Long term care insurance is often the ideal solution for covering the cost of long term care. Unfortunately, companies who sell this product are very particular and will generally not sell it to individuals in their beyond age 60 unless they are in extremely good health. Even at that, the premiums for these older ages are extremely expensive. Long term care insurance is best bought when one is in his or her late 40s or early 50s. Over a lifetime, the cumulative cost is no more than if it were bought in later years. Many seniors have turned to short term care insurance as an alternative to the long term care version. It is not a replacement for this type of insurance, but it can cover care costs for up to a year and in many cases this is all that is needed. Short term care insurance is also much easier to get at older ages and is about a third the cost of long term care insurance. If you are interested in either of these products, we can find experts who will help you in this area.

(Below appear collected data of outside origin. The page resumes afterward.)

definition solves_green_eq :: "real \<Rightarrow> real \<Rightarrow> real \<Rightarrow> (real \<Rightarrow> complex) \<Rightarrow> bool" where
  "solves_green_eq \<Omega> \<beta> \<omega> G \<longleftrightarrow>
     (\<forall>\<phi>. test_function \<phi> \<longrightarrow>
        ((\<lambda>x. - of_real (\<Omega>\<^sup>2) * G x *
              of_real (deriv (deriv \<phi>) x + (\<omega>\<^sup>2 / \<Omega>\<^sup>2 - \<beta>\<^sup>2) * \<phi> x))
          has_integral of_real (\<phi> 0)) UNIV)"

end

theory Submission
  imports Defs "HOL-Complex_Analysis.Complex_Analysis" "HOL-Real_Asymp.Real_Asymp"
begin

text \<open>
  Since \<open>\<omega>\<^sub>h\<^sup>2(k) - z\<^sup>2 = B (W - cos k)\<close> with \<open>B = 2\<Omega>\<^sup>2/(h\<^sup>2\<xi>)\<close> and
  \<open>W = cosh(\<beta>h) - z\<^sup>2h\<^sup>2\<xi>/(2\<Omega>\<^sup>2)\<close>, writing \<open>W = (r + 1/r)/2\<close> with \<open>|r| < 1\<close> Cauchy's
  integral formula on the unit circle gives \<open>G\<^sub>n = r\<^bsup>|n|\<^esup> / (B (1/r - r)/2)\<close>.
  Below the band, \<open>W(\<omega>) > 1\<close> and \<open>r = e\<^bsup>-a\<^esup>\<close> with \<open>sinh a = \<surd>(W\<^sup>2 - 1)\<close>. Above it,
  \<open>W(\<omega> + i\<epsilon>)\<close> approaches a point of \<open>(0,1)\<close> from the lower half plane, so \<open>r\<close> tends to
  \<open>e\<^bsup>i\<theta>\<^esup>\<close> with \<open>sin \<theta> = \<surd>(1 - W\<^sup>2)\<close>. As \<open>h \<rightarrow> 0\<close>, \<open>W(\<omega>)\<^sup>2 - 1 \<sim> (\<beta>\<^sup>2 - \<omega>\<^sup>2/\<Omega>\<^sup>2) h\<^sup>2\<close>,
  hence \<open>a/h \<rightarrow> \<kappa>\<close> resp. \<open>\<theta>/h \<rightarrow> q\<close>, while \<open>n h \<rightarrow> |x|\<close> and \<open>B h\<^sup>2 \<rightarrow> 2\<Omega>\<^sup>2\<close>.
  The distributional equation is integration by parts against \<open>e\<^bsup>l|y|\<^esup>\<close> on both half lines,
  with \<open>l = -\<kappa>\<close> resp. \<open>l = iq\<close>: the jump \<open>2l\<close> of its derivative at \<open>0\<close> produces the delta.
\<close>

definition joukowski :: "complex \<Rightarrow> complex" where
  "joukowski r = (r + 1 / r) / 2"

definition disp_scale :: "real \<Rightarrow> real \<Rightarrow> real \<Rightarrow> real" where
  "disp_scale \<Omega> \<beta> h = 2 * \<Omega>\<^sup>2 / (h\<^sup>2 * exp (\<beta> * h))"

definition disp_shift :: "real \<Rightarrow> real \<Rightarrow> real \<Rightarrow> complex \<Rightarrow> complex" where
  "disp_shift \<Omega> \<beta> h z = of_real (cosh (\<beta> * h)) - z\<^sup>2 * of_real (h\<^sup>2 * exp (\<beta> * h) / (2 * \<Omega>\<^sup>2))"

definition disp_shift_real :: "real \<Rightarrow> real \<Rightarrow> real \<Rightarrow> real \<Rightarrow> real" where
  "disp_shift_real \<Omega> \<beta> \<omega> h = cosh (\<beta> * h) - \<omega>\<^sup>2 * (h\<^sup>2 * exp (\<beta> * h) / (2 * \<Omega>\<^sup>2))"

lemma disp_shift_of_real: "disp_shift \<Omega> \<beta> h (of_real \<omega>) = of_real (disp_shift_real \<Omega> \<beta> \<omega> h)"
  by (simp add: disp_shift_def disp_shift_real_def)

lemma omh2_minus_sq_eq:
  assumes "h \<noteq> 0" "\<Omega> \<noteq> 0"
  shows "of_real (omh2 \<Omega> \<beta> h k) - z\<^sup>2 = of_real (disp_scale \<Omega> \<beta> h) * (disp_shift \<Omega> \<beta> h z - of_real (cos k))"
proof -
  define E where "E = exp (\<beta> * h)"
  define K where "K = h\<^sup>2 * E / (2 * \<Omega>\<^sup>2)"
  have E: "E > 0" "cosh (\<beta> * h) = (E + 1 / E) / 2"
    by (simp_all add: E_def cosh_def exp_minus inverse_eq_divide)
  have "(E - cos k)\<^sup>2 + (sin k)\<^sup>2 = E\<^sup>2 - 2 * E * cos k + 1"
    using sin_cos_squared_add[of k] by (simp add: power2_diff algebra_simps)
  then have omh2: "omh2 \<Omega> \<beta> h k = disp_scale \<Omega> \<beta> h * (cosh (\<beta> * h) - cos k)"
    unfolding omh2_def omega0_def xi_def disp_scale_def E_def[symmetric] E(2)
    using E(1) assms by (simp add: field_simps power2_eq_square)
  have scale: "disp_scale \<Omega> \<beta> h * K = 1"
    unfolding disp_scale_def K_def E_def using assms by simp
  have "of_real (disp_scale \<Omega> \<beta> h) * (disp_shift \<Omega> \<beta> h z - of_real (cos k))
      = of_real (disp_scale \<Omega> \<beta> h * (cosh (\<beta> * h) - cos k)) - z\<^sup>2 * of_real (disp_scale \<Omega> \<beta> h * K)"
    unfolding disp_shift_def E_def[symmetric] K_def[symmetric] by (simp add: algebra_simps)
  then show ?thesis unfolding omh2 scale by simp
qed

lemma one_minus_power2_neq_0:
  fixes r :: "'a :: real_normed_div_algebra"
  assumes "norm r < 1"
  shows "1 - r\<^sup>2 \<noteq> 0"
proof
  assume "1 - r\<^sup>2 = 0"
  then have "norm r ^ 2 = 1" by (metis eq_iff_diff_eq_0 norm_one norm_power)
  with assms show False by (simp add: abs_square_eq_1)
qed

lemma joukowski_minus_cos:
  assumes "r \<noteq> 0"
  shows "joukowski r - of_real (cos x)
           = - (exp (\<i> * of_real x) - r) * (exp (\<i> * of_real x) - 1 / r) / (2 * exp (\<i> * of_real x))"
proof -
  define z where "z = exp (\<i> * of_real x)"
  have "z \<noteq> 0" unfolding z_def by simp
  have cos: "of_real (cos x) = (z + 1 / z) / 2"
    unfolding z_def by (simp add: cos_of_real[symmetric] cos_exp_eq exp_minus field_simps)
  show ?thesis
    unfolding z_def[symmetric] joukowski_def cos using assms \<open>z \<noteq> 0\<close> by (simp add: field_simps)
qed

lemma has_integral_exp_div_joukowski_minus_cos_nat:
  fixes r :: complex and m :: nat
  assumes r0: "r \<noteq> 0" and r1: "norm r < 1"
  shows "((\<lambda>k. exp (\<i> * of_real k * of_nat m) / (joukowski r - of_real (cos k)))
           has_integral (4 * pi * r ^ (m + 1) / (1 - r\<^sup>2))) {0..2*pi}"
proof -
  txt \<open>With \<open>z = e\<^bsup>ik\<^esup>\<close> the integral becomes \<open>\<oint> g(z)/(z - r) dz\<close> over the unit circle,
    where \<open>g\<close> is holomorphic on the closed disc because \<open>1/r\<close> lies outside it.\<close>
  define g where "g u = 2 * \<i> * u ^ m / (u - 1 / r)" for u
  have nr: "norm (1 / r) > 1" using r0 r1 by (simp add: norm_divide field_simps)
  have "u - 1 / r \<noteq> 0" if "u \<in> cball 0 1" for u using nr that by auto
  then have hol: "g holomorphic_on ball 0 1" "continuous_on (cball 0 1) g"
    unfolding g_def by (auto intro!: holomorphic_intros continuous_intros)
  have "((\<lambda>u. g u / (u - r)) has_contour_integral (2 * of_real pi * \<i> * g r)) (circlepath 0 1)"
    by (rule Cauchy_integral_circlepath[OF hol(2) hol(1)]) (use r1 in simp)
  then have H: "((\<lambda>t. g (exp (2 * of_real pi * \<i> * of_real t)) / (exp (2 * of_real pi * \<i> * of_real t) - r)
         * (2 * pi * \<i> * exp (2 * of_real pi * \<i> * t))) has_integral (2 * of_real pi * \<i> * g r)) {0..1}"
    unfolding has_contour_integral_def
    by (subst (asm) has_integral_cong[OF arg_cong2[where f="(*)", OF refl vector_derivative_circlepath01]])
       (auto simp: circlepath)
  have residue: "2 * of_real pi * \<i> * g r = 4 * pi * r ^ (m + 1) / (1 - r\<^sup>2)"
    unfolding g_def using r0 one_minus_power2_neq_0[OF r1] by (simp add: field_simps power2_eq_square)
  have "((\<lambda>x. (\<lambda>t. g (exp (2 * of_real pi * \<i> * of_real t)) / (exp (2 * of_real pi * \<i> * of_real t) - r)
         * (2 * pi * \<i> * exp (2 * of_real pi * \<i> * t))) ((1 / (2 * pi)) * x))
       has_integral (1 / \<bar>1 / (2 * pi)\<bar>) *\<^sub>R (2 * of_real pi * \<i> * g r)) ((\<lambda>x. x / (1 / (2 * pi))) ` {0..1})"
    by (rule has_integral_stretch_real[OF H]) simp
  moreover have "(\<lambda>x. x / (1 / (2 * pi))) ` {0..1} = {0..2*pi}"
    using image_mult_atLeastAtMost[of "2 * pi" 0 1] by (simp add: mult.commute)
  moreover have "(\<lambda>t. g (exp (2 * of_real pi * \<i> * of_real t)) / (exp (2 * of_real pi * \<i> * of_real t) - r)
         * (2 * pi * \<i> * exp (2 * of_real pi * \<i> * t))) ((1 / (2 * pi)) * x)
       = (2 * pi) * (exp (\<i> * of_real x * of_nat m) / (joukowski r - of_real (cos x)))" for x
  proof -
    define z where "z = exp (\<i> * of_real x)"
    have z: "norm z = 1" "z \<noteq> 0" unfolding z_def by simp_all
    have circle: "exp (2 * of_real pi * \<i> * of_real ((1 / (2 * pi)) * x)) = z"
      unfolding z_def by (simp add: field_simps)
    have power: "exp (\<i> * of_real x * of_nat m) = z ^ m"
      unfolding z_def by (metis exp_of_nat_mult mult.commute)
    have "z - r \<noteq> 0" "z - 1 / r \<noteq> 0" using z r1 nr by auto
    moreover from this(2) have "r * z - 1 \<noteq> 0" using r0 by (auto simp: field_simps)
    ultimately have "(r * z - 1) * (z - r) \<noteq> 0" by simp
    moreover have "r + r * (z * z) - (z + r * (r * z)) = (r * z - 1) * (z - r)" by (simp add: algebra_simps)
    ultimately have "r + r * (z * z) - (z + r * (r * z)) \<noteq> 0" by simp
    then show ?thesis
      unfolding circle power joukowski_minus_cos[OF r0, of x, folded z_def] g_def
      using z r0 by (simp add: field_simps)
  qed
  ultimately have "((\<lambda>x. (2 * pi) * (exp (\<i> * of_real x * of_nat m) / (joukowski r - of_real (cos x))))
         has_integral (2 * pi) * (4 * pi * r ^ (m + 1) / (1 - r\<^sup>2))) {0..2*pi}"
    unfolding residue by (simp add: scaleR_conv_of_real)
  from has_integral_mult_right[OF this, of "1 / (2 * pi)"] show ?thesis
    by (simp add: mult.assoc mult.left_commute)
qed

Planning for Final Years with Appropriate Legal Arrangements

Seniors or their families are generally pretty good about putting together legal documents for estate planning and for the final years of life. If these documents have not been reviewed within the last three years, a review should be conducted. If appropriate documents have not been created, now is the time to do so. Some of the documents such as powers of attorney may not have been set up properly. Key provisions are often lacking or it is the wrong kind of attorney power. Likewise with medical directives and living wills. Improper design can cause problems when the time to use the authority in the documents comes along. Wills may also not be set up properly or produce their desired results now as opposed to when they were created. All accounts with beneficiaries should be checked to make sure they are up-to-date. For the type of planning associated with Medicaid, special legal documents are usually required. Medicaid planning to preserve assets is not a do-it-yourself activity. Finally, attention should be given to tax planning for large estates. The Life Resource Planning process can put you in touch with attorneys who specialize in this kind of law.

Planning for End-Of-Life

Planning for end-of-life not only includes making arrangements for funerals and burials and possibly prepaying and preplanning for these arrangements, but also has to do with decisions about dying and the process leading up to death. Most people don't want to deal with these issues, but great satisfaction can be had by the rest of the family if the death occurs in a proper setting. We can provide experts who can help counsel on the proper way to set up funeral pre-plans to incorporate Medicaid planning so as not to lose the money to Medicaid that is set aside for final arrangements.